Healthy male volunteers (n=15, 27-63 years) were scanned on a 3T scanner (MAGNETOM Prisma, Siemens Healthcare, Erlangen, Germany). OGSE, PGSE, and STEAM diffusion MRI were acquired with a single shot EPI research application with the following common parameters: 10 axial slices with the middle slice positioned in the center of the prostate, 3 mm thick (no gap), 2x2 mm² in-plane resolution, GRAPPA R=2, TR 3000 ms, 15 b0, 6 directions at b=500 s/mm² each with 15 averages, phase encoding A>>P, and 5:34 min acquisition time per diffusion scan. The TE was 87 ms for OGSE and PGSE and 60 ms for STEAM. Diffusion times were ~ 6 ms for OGSE (trapezoid cosine 40 Hz), 40 ms for PGSE, and 100 ms for STEAM. All three scans gave the same MD values for phantoms of n-nonane (MD=1.63+/-0.015x10-3 mm²/s) and n-decane (MD=1.27+/-0.022x10-3 mm²/s), chosen since their MDs are similar to PZ and CG, respectively. An additional high-resolution 0.75x0.75x1.8 mm³ T2-weighted image (40 axial slices, 7 min) was acquired for anatomical comparison. Image preprocessing was done using DIPY including MPPCA denoising, symmetric diffeomorphic registration. Manual regions of interest were identified on mean b500 image over multiple slices within peripheral zone (PZ) and central gland (CG) for comparison of OGSE, PGSE, and STEAM MD values. Pairwise group differences of MD were assessed across all three diffusion time scans using a paired T-Test. Linear regression versus age was assessed for MD values for each scan and OGSE-STEAM, PGSE-STEAM, and OGSE-PGSE MD differences.

Results

The MD maps showed that long diffusion time (100 ms) STEAM MD is significantly lower than short diffusion time (6 ms) OGSE MD and medium diffusion time (40 ms) PGSE MD (Figure 1). There were no MD differences between OGSE and PGSE in either PZ (p=0.49) or CG (p=0.99), but MD was significantly lower for STEAM by 24% in the PZ (p=0.0000001 vs OGSE; p=0.000001 vs PGSE) and 14% in the CG regions (p=0.0005 vs OGSE, p=0.0006 vs PGSE), respectively (Figure 2).

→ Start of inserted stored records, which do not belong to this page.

(* Let $a>0$, let $\sigma$ be a probability measure on $[0,a]$, and let $\mu=\int_0^a\mathcal{P}(\lambda)\,\sigma(\mathrm{d}\lambda)$. Then, with $\rho$ the Euclidean distance on $\mathbb{N}$, $$h_{a+a^2/4}\big(W_{1,\rho}(\nu,\mu)\big)\le H(\nu|\mu)\qquad\text{for all }\nu\in\mathcal{M}_1(\mathbb{N}).$$
   Context: $\mathcal{P}(\lambda)(k)=\mathrm{e}^{-\lambda}\lambda^k/k!$ on $\mathbb{N}$ for $\lambda>0$, and $\mathcal{P}(0)$ is the Dirac mass at $0$. $W_{1,\rho}(\mu,\nu)=\inf_\pi\int\!\!\int|x-y|\,\mathrm{d}\pi(x,y)$ over couplings $\pi$ of $\mu,\nu$. $H(\nu|\mu)=\int\log\frac{\mathrm{d}\nu}{\mathrm{d}\mu}\,\mathrm{d}\nu$ if $\nu\ll\mu$, $+\infty$ otherwise. $h(r)=(1+r)\log(1+r)-r$, $h_c(r)=c\,h(r/c)$ for $c>0$. *)

theory Defs
  imports "HOL-Probability.Probability"
begin

text \<open>Poisson weight: P(lambda)(k) = exp(-lambda) lambda^k / k!.  Since 0^0 = 1,
  for lambda = 0 this is the Dirac mass at 0.\<close>
definition poisson_weight :: "real \<Rightarrow> nat \<Rightarrow> real" where
  "poisson_weight l k = exp (- l) * l ^ k / fact k"

text \<open>Couplings of two probability measures on the naturals (all such measures are pmfs).\<close>
definition couplings :: "nat pmf \<Rightarrow> nat pmf \<Rightarrow> (nat \<times> nat) pmf set" where
  "couplings \<nu> \<mu> = {\<pi>. map_pmf fst \<pi> = \<nu> \<and> map_pmf snd \<pi> = \<mu>}"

The MD of PGSE in the peripheral zone was positively correlated to age, whereas no such correlations were observed in the central gland. No significant correlation was identified for OGSE MD or STEAM MD versus age in either PZ or CG (Figure 3). OGSE-STEAM MD and PGSE-STEAM MD difference versus age showed a significant strong linear positive correlation in PZ; however, no significant correlations were identified in the CG (Figure 4). Notably, OGSE-PGSE MD difference versus age showed no significant correlation in either PZ or CG (PZ p=0.32; CG p=0.13; data not shown).

Discussion

Diffusion time effects on MD were confirmed in healthy prostate, but this was only for the long diffusion time STEAM MD which was 24% lower relative to the short OGSE and medium PGSE MD in the PZ and 14% lower in the CG; in contrast the OGSE and PGSE MD values did not differ in either region. A previous study using only STEAM is in partial agreement in that they showed long diffusion time effects in benign PZ, albeit a much smaller effect than we see in healthy controls, but not in benign transition zone (part of CG) in prostate cancer patients³. Further, OGSE at 17 and 33 Hz appear to give similar diffusion coefficients as PGSE (0 Hz) in benign tissue of prostate cancer patients⁴ in agreement with our results. The strong positive linear correlations between both OGSE-STEAM and PGSE-STEAM MD differences versus age (27-63 years) in PZ in healthy prostate is a new observation which suggests a fundamental diffusion time sensitivity to age related micro-structural changes presumed to be from decreases in glandular and cellular density. As 80% of prostate cancer originates from the glandular epithelium within the peripheral zone, this observed phenomenon may explain the inverse relationship between benign prostatic hyperplasia and incidence of prostate cancer².